*Problem statement*
Print every line below that comes at or after the line containing "using independent_span_bound[OF V(3)", exactly as written.
======== Data ========
(* Let $d\ge 3$ and let $j$ be an integer with $0\le j\le d-1$. (a) If $d$ is odd and $d-j$ is even, then $\operatorname{triv}(d,j)=\operatorname{sign}(d,j)=\left\lfloor \frac{3d-2j-3}{6}\right\rfloor-\frac{d-j-2}{2}$. (b) If $d$ is odd and $d-j$ is odd, then $\operatorname{triv}(d,j)=\left\lfloor \frac{3d-2j-3}{6}\right\rfloor-\frac{d-j-3}{2}$ and $\operatorname{sign}(d,j)=\left\lfloor \frac{3d-2j-3}{6}\right\rfloor-\frac{d-j-1}{2}$. (c) If $d$ is even and $d-j$ is even, then $\operatorname{triv}(d,j)=\left\lfloor \frac{3d-2j}{6}\right\rfloor-\frac{d-j-2}{2}$ and $\operatorname{sign}(d,j)=\left\lfloor \frac{3d-2j}{6}\right\rfloor-\frac{d-j}{2}$. (d) If $d$ is even and $d-j$ is odd, then $\operatorname{triv}(d,j)=\operatorname{sign}(d,j)=\left\lfloor \frac{3d-2j}{6}\right\rfloor-\frac{d-j-1}{2}$.
   Context: $\Bbbk$ is an algebraically closed field of characteristic $0$. For an integer $d\ge 1$, $A(d)=\Bbbk[x_1,x_2,x_3]/(x_1^d,x_2^d,x_3^d)=\bigoplus_j A(d)_j$ with its standard grading. $S_3$ acts on $A(d)$ by permuting variables. The linear map $E:A(d)_{j+1}\to A(d)_j$ is defined on the monomial basis by $E(x_1^{a_1}x_2^{a_2}x_3^{a_3})=\sum_{k=1}^{3} a_k(d-a_k)\,x_1^{a_1}\cdots x_k^{a_k-1}\cdots x_3^{a_3}$; it commutes with the $S_3$-action. $\operatorname{triv}(d,j)$ and $\operatorname{sign}(d,j)$ denote the multiplicities of the trivial and sign representations of $S_3$ in $\operatorname{Ker}(E)\cap A(d)_j$. *)

theory Defs
  imports Main "HOL-Library.Function_Algebras" "HOL-Combinatorics.Permutations" "HOL-Computational_Algebra.Polynomial"
begin

text \<open>Exponent triples (a1,a2,a3) index the monomials x1^a1 x2^a2 x3^a3.
  An element of A(d)_j is represented by its coefficient function, which
  vanishes outside the monomial basis of A(d)_j.\<close>

type_synonym expo = "nat \<times> nat \<times> nat"

definition mbasis :: "nat \<Rightarrow> nat \<Rightarrow> expo set" where
  "mbasis d j = {(a1, a2, a3). a1 < d \<and> a2 < d \<and> a3 < d \<and> a1 + a2 + a3 = j}"

definition Agr :: "nat \<Rightarrow> nat \<Rightarrow> (expo \<Rightarrow> 'a::field) set" where
  "Agr d j = {f. \<forall>m. m \<notin> mbasis d j \<longrightarrow> f m = 0}"

definition cscale :: "'a::field \<Rightarrow> (expo \<Rightarrow> 'a) \<Rightarrow> (expo \<Rightarrow> 'a)" where
  "cscale c f = (\<lambda>m. c * f m)"

definition vdim :: "(expo \<Rightarrow> 'a::field) set \<Rightarrow> nat" where
  "vdim V = vector_space.dim cscale V"

text \<open>The operator E: the coefficient of x^b in E(f) is
  sum_k (b_k+1)(d-b_k-1) * (coefficient of x^(b+e_k) in f),
  which is exactly the linear extension of
  E(x^a) = sum_k a_k (d-a_k) x^(a-e_k).\<close>
definition Eop :: "nat \<Rightarrow> (expo \<Rightarrow> 'a::field) \<Rightarrow> (expo \<Rightarrow> 'a)" where
  "Eop d f = (\<lambda>(b1, b2, b3).
      of_nat ((b1 + 1) * (d - (b1 + 1))) * f (b1 + 1, b2, b3)
    + of_nat ((b2 + 1) * (d - (b2 + 1))) * f (b1, b2 + 1, b3)
    + of_nat ((b3 + 1) * (d - (b3 + 1))) * f (b1, b2, b3 + 1))"

definition KerE :: "nat \<Rightarrow> nat \<Rightarrow> (expo \<Rightarrow> 'a::field) set" where
  "KerE d j = {f \<in> Agr d j. Eop d f = (\<lambda>_. 0)}"

text \<open>S3 = permutations of {0,1,2} acting by permuting the variables.\<close>
definition comp3 :: "nat \<Rightarrow> expo \<Rightarrow> nat" where
  "comp3 i m = (case m of (a1, a2, a3) \<Rightarrow> if i = 0 then a1 else if i = 1 then a2 else a3)"

definition pmono :: "(nat \<Rightarrow> nat) \<Rightarrow> expo \<Rightarrow> expo" where
  "pmono \<sigma> m = (comp3 (\<sigma> 0) m, comp3 (\<sigma> 1) m, comp3 (\<sigma> 2) m)"

definition act :: "(nat \<Rightarrow> nat) \<Rightarrow> (expo \<Rightarrow> 'a::field) \<Rightarrow> (expo \<Rightarrow> 'a)" where
  "act \<sigma> f = (\<lambda>m. f (pmono \<sigma> m))"

text \<open>Each representation is one-dimensional, so its multiplicity is the
  dimension of the corresponding isotypic component.\<close>
definition triv_part :: "nat \<Rightarrow> nat \<Rightarrow> (expo \<Rightarrow> 'a::field) set" where
  "triv_part d j = {f \<in> KerE d j. \<forall>\<sigma>. \<sigma> permutes {0, 1, 2} \<longrightarrow> act \<sigma> f = f}"

definition sign_part :: "nat \<Rightarrow> nat \<Rightarrow> (expo \<Rightarrow> 'a::field) set" where
  "sign_part d j = {f \<in> KerE d j. \<forall>\<sigma>. \<sigma> permutes {0, 1, 2} \<longrightarrow>
                      act \<sigma> f = cscale (of_int (sign \<sigma>)) f}"

definition triv :: "'a::field itself \<Rightarrow> nat \<Rightarrow> nat \<Rightarrow> nat" where
  "triv _ d j = vdim (triv_part d j :: (expo \<Rightarrow> 'a) set)"

definition sgn_mult :: "'a::field itself \<Rightarrow> nat \<Rightarrow> nat \<Rightarrow> nat" where
  "sgn_mult _ d j = vdim (sign_part d j :: (expo \<Rightarrow> 'a) set)"

end

theory Submission
  imports Defs
begin

text \<open>The operator \<open>E\<close> lowers the degree and \<open>L\<close>, multiplication by \<open>x\<^sub>1 + x\<^sub>2 + x\<^sub>3\<close>,
  raises it. On \<open>A(d)\<^sub>i\<close> with \<open>i + 1 < d\<close> their commutator is the positive scalar
  \<open>3(d - 1) - 2i\<close>, so \<open>E L\<close> is injective there (characteristic 0), and \<open>E\<close> maps every
  \<open>S\<^sub>3\<close>-isotypic part of \<open>A(d)\<^sub>j\<close> onto that of \<open>A(d)\<^sub>j\<^sub>-\<^sub>1\<close>. The multiplicity of a
  one-dimensional representation in \<open>Ker E \<inter> A(d)\<^sub>j\<close> is therefore a difference of dimensions
  of isotypic parts. Symmetrised monomials give bases of these: for \<open>j < d\<close> the trivial part has one
  basis vector per partition of \<open>j\<close> into at most three parts, the sign part one per partition into
  three distinct parts. The differences of these partition counts are
  \<open>\<lfloor>(j + 2)/2\<rfloor> - \<lfloor>(j + 2)/3\<rfloor>\<close> and \<open>\<lfloor>(j + 1)/2\<rfloor> - \<lfloor>(j + 2)/3\<rfloor>\<close>, which the four parity
  cases turn into the stated floors.\<close>

section \<open>Kernels of linear maps on finitely spanned subspaces\<close>

context vector_space
begin

lemma span_disjoint_parts_eq_zero:
  assumes "independent (A \<union> B)" "A \<inter> B = {}" "x \<in> span A" "x \<in> span B"
  shows "x = 0"
proof -
  let ?R = "representation (A \<union> B) x"
  have RA: "?R = representation A x" and RB: "?R = representation B x"
    using representation_extend[OF assms(1)] assms(3,4) by blast+
  have zero: "?R b = 0" for b
    using RA RB representation_ne_zero assms(2) by (metis disjoint_iff)
  have "x \<in> span (A \<union> B)"
    using assms(3) span_mono[of A "A \<union> B"] by auto
  from sum_nonzero_representation_eq[OF assms(1) this] zero show ?thesis
    by simp
qed

lemma dim_le_dim_finitely_spanned:
  assumes "U \<subseteq> V" "V \<subseteq> span S" "finite S"
  shows "dim U \<le> dim V"
proof -
  obtain B where B: "B \<subseteq> V" "independent B" "V \<subseteq> span B" "card B = dim V"
    by (rule basis_exists)
  then have "finite B"
    using independent_span_bound[OF assms(3) B(2)] assms(2) by auto
  then show ?thesis
    using dim_le_card[of U B] B assms(1) by auto
qed

lemma dim_kernel_add_dim_image:
  assumes lin: "Vector_Spaces.linear scale scale f"
    and V: "subspace V" "V \<subseteq> span S" "finite S"
  shows "dim V = dim {x\<in>V. f x = 0} + dim (f ` V)"
proof -
  interpret f: Vector_Spaces.linear scale scale f by fact
  let ?K = "{x\<in>V. f x = 0}"
  obtain BK where BK: "BK \<subseteq> ?K" "independent BK" "?K \<subseteq> span BK"
    by (rule maximal_independent_subset)
  obtain BV where BV: "BK \<subseteq> BV" "BV \<subseteq> V" "independent BV" "V \<subseteq> span BV"
    using maximal_independent_subset_extend[of BK V] BK by auto
  define C where "C = BV - BK"
  have "finite BV"
    using independent_span_bound[OF V(3) BV(3)] BV(2) V(2) by auto
  then have fin: "finite BK" "finite C"
    using BV(1) by (auto simp: C_def intro: finite_subset)
  have BV_split: "BV = BK \<union> C" "BK \<inter> C = {}"
    using BV(1) by (auto simp: C_def)
  have span_BV: "span BV = V"
    using span_subspace[OF BV(2,4) V(1)] .
  have inj: "inj_on f (span C)"
    unfolding f.inj_on_iff_eq_0[OF subspace_span]
  proof safe
    fix x assume x: "x \<in> span C" "f x = 0"
    then have "x \<in> V"
      using span_mono[of C BV] span_BV by (auto simp: C_def)
    with x BK(3) have "x \<in> span BK" by auto
    with x(1) show "x = 0"
      using span_disjoint_parts_eq_zero BV_split BV(3) by metis
  qed
  have "f ` V \<subseteq> span (f ` C)"
  proof -
    have "f ` V = span (f ` BV)"
      using span_BV f.span_image by auto
    also have "\<dots> \<subseteq> span (f ` C)"
      using BK(1) BV_split span_zero
      by (intro span_minimal) (auto intro: span_base)
    finally show ?thesis .
  qed
  moreover have "f ` C \<subseteq> f ` V" "independent (f ` C)"
    using BV(2) f.independent_injective_image[OF _ inj] independent_mono[OF BV(3)]
    by (auto simp: C_def)
  ultimately have "dim (f ` V) = card C"
    using basis_card_eq_dim card_image inj_on_subset[OF inj span_superset] by metis
  moreover have "dim V = card BV" "dim ?K = card BK"
    using basis_card_eq_dim BV BK by auto
  ultimately show ?thesis
    using card_Un_disjoint[OF fin BV_split(2)] BV_split(1) by simp
qed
========
*Task response*
    using independent_span_bound[OF V(3) BV(3)] BV(2) V(2) by auto
  then have fin: "finite BK" "finite C"
    using BV(1) by (auto simp: C_def intro: finite_subset)
  have BV_split: "BV = BK \<union> C" "BK \<inter> C = {}"
    using BV(1) by (auto simp: C_def)
  have span_BV: "span BV = V"
    using span_subspace[OF BV(2,4) V(1)] .
  have inj: "inj_on f (span C)"
    unfolding f.inj_on_iff_eq_0[OF subspace_span]
  proof safe
    fix x assume x: "x \<in> span C" "f x = 0"
    then have "x \<in> V"
      using span_mono[of C BV] span_BV by (auto simp: C_def)
    with x BK(3) have "x \<in> span BK" by auto
    with x(1) show "x = 0"
      using span_disjoint_parts_eq_zero BV_split BV(3) by metis
  qed
  have "f ` V \<subseteq> span (f ` C)"
  proof -
    have "f ` V = span (f ` BV)"
      using span_BV f.span_image by auto
    also have "\<dots> \<subseteq> span (f ` C)"
      using BK(1) BV_split span_zero
      by (intro span_minimal) (auto intro: span_base)
    finally show ?thesis .
  qed
  moreover have "f ` C \<subseteq> f ` V" "independent (f ` C)"
    using BV(2) f.independent_injective_image[OF _ inj] independent_mono[OF BV(3)]
    by (auto simp: C_def)
  ultimately have "dim (f ` V) = card C"
    using basis_card_eq_dim card_image inj_on_subset[OF inj span_superset] by metis
  moreover have "dim V = card BV" "dim ?K = card BK"
    using basis_card_eq_dim BV BK by auto
  ultimately show ?thesis
    using card_Un_disjoint[OF fin BV_split(2)] BV_split(1) by simp
qed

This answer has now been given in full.